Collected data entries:
=== Section Start ===

lemma phi_step_sq_le:
  assumes "0 < L" "0 < \<tau>" and adm: "admissible_step F J x L \<tau> \<epsilon> y"
  shows "(phi F J x y)\<^sup>2 \<le> (phi F J x xs)\<^sup>2 + \<tau> * L * (norm (x - xs))\<^sup>2 + 2 * \<tau> * \<epsilon>"
proof -
  have "psi F J x L \<tau> y \<le> psi F J x L \<tau> xs + \<epsilon>"
    using adm psi_Tmap_le[OF assms(1,2), of F J x xs] unfolding admissible_step_def by linarith
  moreover have "0 \<le> L / 2 * (norm (y - x))\<^sup>2" using \<open>0 < L\<close> by simp
  ultimately have "(phi F J x y)\<^sup>2 / (2 * \<tau>) \<le> (phi F J x xs)\<^sup>2 / (2 * \<tau>) + L / 2 * (norm (x - xs))\<^sup>2 + \<epsilon>"
    unfolding psi_def by (simp add: norm_minus_commute)
  then show ?thesis using \<open>0 < \<tau>\<close> by (simp add: field_simps)
qed

lemma dist_root_le_phi:
  assumes S: "x \<in> S" "xs \<in> S"
    and lip: "\<And>u v. u \<in> S \<Longrightarrow> v \<in> S \<Longrightarrow> frob (Jhat J v - Jhat J u) \<le> LF * norm (v - u)"
    and sig: "\<sigma> \<le> sigma_min (Jhat J xs)"
  shows "(\<sigma> - LF * norm (x - xs)) * norm (y - xs) \<le> phi F J x y + phi F J x xs"
proof -
  let ?e = "y - xs"
  have "\<sigma> * norm ?e \<le> norm (Jhat J xs *v ?e)"
    by (rule sigma_min_mult_norm_le[OF sig])
  also have "Jhat J xs *v ?e = Jhat J x *v ?e + (Jhat J xs - Jhat J x) *v ?e"
    by (simp add: matrix_vector_mult_diff_rdistrib)
  also have "norm \<dots> \<le> norm (Jhat J x *v ?e) + norm ((Jhat J xs - Jhat J x) *v ?e)"
    by (rule norm_triangle_ineq)
  also have "norm ((Jhat J xs - Jhat J x) *v ?e) \<le> LF * norm (x - xs) * norm ?e"
    using norm_matrix_vector_le_frob[of "Jhat J xs - Jhat J x" ?e] lip[OF S]
    by (smt (verit) mult_right_mono norm_ge_zero norm_minus_commute)
  also have "Jhat J x *v ?e = (Fhat F x + Jhat J x *v (y - x)) - (Fhat F x + Jhat J x *v (xs - x))"
    by (simp add: matrix_vector_mult_diff_distrib)
  also have "norm \<dots> \<le> phi F J x y + phi F J x xs"
    unfolding phi_def by (rule norm_triangle_ineq4)
  finally show ?thesis by (simp add: algebra_simps)
qed

lemma dist_step_root_le_mid_bound:
  assumes deriv: "\<And>z. (F has_derivative (\<lambda>h. J z *v h)) (at z)"
    and conv: "convex S" and S: "x \<in> S" "xs \<in> S" and LF: "0 \<le> LF"
    and lip: "\<And>u v. u \<in> S \<Longrightarrow> v \<in> S \<Longrightarrow> frob (Jhat J v - Jhat J u) \<le> LF * norm (v - u)"
    and root: "Fhat F xs = 0" and sig: "\<sigma> \<le> sigma_min (Jhat J xs)"
    and L: "0 < L" and tau: "0 < \<tau>" and adm: "admissible_step F J x L \<tau> \<epsilon> y"
    and close: "LF * norm (x - xs) < \<sigma>"
  shows "norm (y - xs) \<le> mid_bound LF \<sigma> (norm (x - xs)) L \<tau> \<epsilon>"
proof -
  define r where "r = norm (x - xs)"
  have p: "phi F J x xs \<le> LF / 2 * r\<^sup>2"
    unfolding r_def by (rule phi_at_root_le[OF deriv conv S LF lip root])
  have "(phi F J x y)\<^sup>2 \<le> (LF / 2 * r\<^sup>2)\<^sup>2 + \<tau> * L * r\<^sup>2 + 2 * \<tau> * \<epsilon>"
    using phi_step_sq_le[OF L tau adm, of xs] p power_mono[OF p, of 2]
    by (simp add: r_def phi_def)
  then have "phi F J x y \<le> sqrt (r\<^sup>2 * (\<tau> * L + LF\<^sup>2 * r\<^sup>2 / 4) + 2 * \<tau> * \<epsilon>)"
    by (simp add: real_le_rsqrt power2_eq_square algebra_simps)
  moreover have "0 \<le> LF * r\<^sup>2" using LF by simp
  ultimately have "norm (y - xs) * (\<sigma> - LF * r)
      \<le> 3 * LF * r\<^sup>2 / 2 + sqrt (r\<^sup>2 * (\<tau> * L + LF\<^sup>2 * r\<^sup>2 / 4) + 2 * \<tau> * \<epsilon>)"
    using dist_root_le_phi[OF S lip sig, of y F] p by (simp add: r_def mult.commute)
  then show ?thesis
    using close by (simp add: mid_bound_def r_def pos_le_divide_eq)
qed

lemma mid_bound_le_quadratic:
  fixes LF \<sigma> \<alpha> r Lk \<tau> \<epsilon> :: real
  assumes LF: "0 < LF" and \<alpha>: "0 < \<alpha>" and r: "r < \<sigma> / LF - 2 / \<alpha>"
    and tau: "0 < \<tau>" and Lk: "0 \<le> Lk" and eps: "0 \<le> \<epsilon>"
    and tau_le: "\<tau> \<le> (((\<alpha> * (\<sigma> - LF * r) - 3 * LF / 2)\<^sup>2 - LF\<^sup>2 / 4) * r ^ 4) / (r\<^sup>2 * Lk + 2 * \<epsilon>)"
  shows "LF * r < \<sigma>" and "mid_bound LF \<sigma> r Lk \<tau> \<epsilon> \<le> \<alpha> * r\<^sup>2"
proof -
  define D where "D = \<sigma> - LF * r"
  define Den where "Den = r\<^sup>2 * Lk + 2 * \<epsilon>"
  define S where "S = r\<^sup>2 * (\<tau> * Lk + LF\<^sup>2 * r\<^sup>2 / 4) + 2 * \<tau> * \<epsilon>"
  have "LF * r < LF * (\<sigma> / LF - 2 / \<alpha>)"
    using r LF by simp
  also have "\<dots> = \<sigma> - 2 * LF / \<alpha>"
    using LF by (simp add: field_simps)
  finally have "2 * LF / \<alpha> < D"
    by (simp add: D_def)
  then have aD: "2 * LF < \<alpha> * D" using \<alpha> by (simp add: field_simps)
  then have "0 < \<alpha> * D" using LF by linarith
  then have D: "0 < D" using \<alpha> zero_less_mult_pos by blast
  then show "LF * r < \<sigma>" by (simp add: D_def)
  have "Den \<noteq> 0"
    using tau tau_le by (auto simp: Den_def)
  then have "0 < Den" using Lk eps by (simp add: Den_def order_less_le)
  then have "\<tau> * Den \<le> ((\<alpha> * D - 3 * LF / 2)\<^sup>2 - LF\<^sup>2 / 4) * r ^ 4"
    using tau_le by (simp add: D_def Den_def pos_le_divide_eq)
  moreover have "S = \<tau> * Den + LF\<^sup>2 * r ^ 4 / 4"
    by (simp add: S_def Den_def algebra_simps power2_eq_square power4_eq_xxxx)
  ultimately have "S \<le> (\<alpha> * D - 3 * LF / 2)\<^sup>2 * r ^ 4"
    by (simp add: left_diff_distrib)
  also have "\<dots> = ((\<alpha> * D - 3 * LF / 2) * r\<^sup>2)\<^sup>2"
    by (simp add: power_mult_distrib power4_eq_xxxx power2_eq_square mult_ac)
  finally have "S \<le> ((\<alpha> * D - 3 * LF / 2) * r\<^sup>2)\<^sup>2" .
  then have "sqrt S \<le> (\<alpha> * D - 3 * LF / 2) * r\<^sup>2"
    using aD LF by (intro real_le_lsqrt) auto
  then have "3 * LF * r\<^sup>2 / 2 + sqrt S \<le> \<alpha> * r\<^sup>2 * D"
    by (simp add: algebra_simps)
  then show "mid_bound LF \<sigma> r Lk \<tau> \<epsilon> \<le> \<alpha> * r\<^sup>2"
    using D unfolding mid_bound_def S_def[symmetric] D_def[symmetric] by (simp add: pos_divide_le_eq)
qed

lemma mid_bound_le_radius:
  fixes LF \<sigma> r Lk c1 c2 :: real
  assumes LF: "0 < LF" and \<sigma>: "0 < \<sigma>" and r: "0 \<le> r"
    and c: "0 \<le> c1" "0 \<le> c2" and Lk: "Lk \<le> 2 * LF"
    and r_le: "r \<le> \<sigma> / (5 * LF / 2 + sqrt (2 * c1 * LF + LF\<^sup>2 / 4 + 2 * c1 * c2))"
  shows "LF * r < \<sigma>" and "mid_bound LF \<sigma> r Lk (c1 * r\<^sup>2) (c2 * r\<^sup>2) \<le> r"
proof -
  define Q where "Q = 2 * c1 * LF + LF\<^sup>2 / 4 + 2 * c1 * c2"
  define B where "B = 5 * LF / 2 + sqrt Q"
  have "0 \<le> Q" using LF c by (simp add: Q_def)
  then have "0 \<le> sqrt Q" by simp
  then have B: "LF < B" using LF unfolding B_def by linarith
  have rB: "r * B \<le> \<sigma>" using r_le B LF by (simp add: B_def Q_def pos_le_divide_eq)
  show D: "LF * r < \<sigma>"
  proof (cases "r = 0")
    case False
    then have "LF * r < r * B" using B r by (simp add: mult.commute)
    then show ?thesis using rB by linarith
  qed (use \<sigma> in simp)
  have "r\<^sup>2 * (c1 * r\<^sup>2 * Lk + LF\<^sup>2 * r\<^sup>2 / 4) + 2 * (c1 * r\<^sup>2) * (c2 * r\<^sup>2)
      = (r\<^sup>2)\<^sup>2 * (c1 * Lk + LF\<^sup>2 / 4 + 2 * c1 * c2)"
    by (simp add: algebra_simps power2_eq_square)
  also have "\<dots> \<le> (r\<^sup>2)\<^sup>2 * Q"
    using mult_left_mono[OF Lk c(1)] by (intro mult_left_mono) (auto simp: Q_def)
  also have "\<dots> = (r\<^sup>2 * sqrt Q)\<^sup>2"
    using \<open>0 \<le> Q\<close> by (simp add: power_mult_distrib)
  finally have "sqrt (r\<^sup>2 * (c1 * r\<^sup>2 * Lk + LF\<^sup>2 * r\<^sup>2 / 4) + 2 * (c1 * r\<^sup>2) * (c2 * r\<^sup>2))
      \<le> r\<^sup>2 * sqrt Q"
    using \<open>0 \<le> sqrt Q\<close> by (meson real_le_lsqrt mult_nonneg_nonneg zero_le_power2)
  also have "\<dots> \<le> r * (\<sigma> - LF * r) - 3 * LF * r\<^sup>2 / 2"
    using mult_left_mono[OF rB r] by (simp add: B_def algebra_simps power2_eq_square)
  finally show "mid_bound LF \<sigma> r Lk (c1 * r\<^sup>2) (c2 * r\<^sup>2) \<le> r"
    using D by (simp add: mid_bound_def pos_divide_le_eq algebra_simps)
qed

lemma capped_doubling_iter_bounds:
  fixes LF t :: real
  assumes "0 < t" "t \<le> 2 * LF"
  shows "0 < ((\<lambda>t. min (2 * t) (2 * LF)) ^^ j) t \<and> ((\<lambda>t. min (2 * t) (2 * LF)) ^^ j) t \<le> 2 * LF"
  using assms by (induction j) auto

lemma scheme1_Lk_bounds:
  assumes scheme: "scheme1 F J LF L x0 x Lk \<tau> \<epsilon>"
  shows "0 < Lk k \<and> Lk k \<le> 2 * LF"
proof -
  let ?dbl = "\<lambda>t. min (2 * t) (2 * LF)"
  have L: "0 < L" "L \<le> LF" using scheme by (simp_all add: scheme1_def)
  have start: "\<exists>j. Lk k = (?dbl ^^ j) (if k = 0 then L else max (Lk (k - 1) / 2) L)" for k
    using scheme unfolding scheme1_def Let_def by blast
  show ?thesis
  proof (induction k)
    case 0
    from start[of 0] obtain j where "Lk 0 = (?dbl ^^ j) L" by auto
    then show ?case using capped_doubling_iter_bounds[of L LF j] L by simp
  next
    case (Suc k)
    from start[of "Suc k"] obtain j where "Lk (Suc k) = (?dbl ^^ j) (max (Lk k / 2) L)" by auto
    moreover have "0 < max (Lk k / 2) L" "max (Lk k / 2) L \<le> 2 * LF" using Suc L by auto
    ultimately show ?case using capped_doubling_iter_bounds[of "max (Lk k / 2) L" LF j] by simp
  qed
qed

=== Section End ===

(Exercise goal): Keep to the lines above, from the first one through the line where "y \<le> psi" appears, and copy them exactly.

(Task output):
lemma phi_step_sq_le:
  assumes "0 < L" "0 < \<tau>" and adm: "admissible_step F J x L \<tau> \<epsilon> y"
  shows "(phi F J x y)\<^sup>2 \<le> (phi F J x xs)\<^sup>2 + \<tau> * L * (norm (x - xs))\<^sup>2 + 2 * \<tau> * \<epsilon>"
proof -
  have "psi F J x L \<tau> y \<le> psi F J x L \<tau> xs + \<epsilon>"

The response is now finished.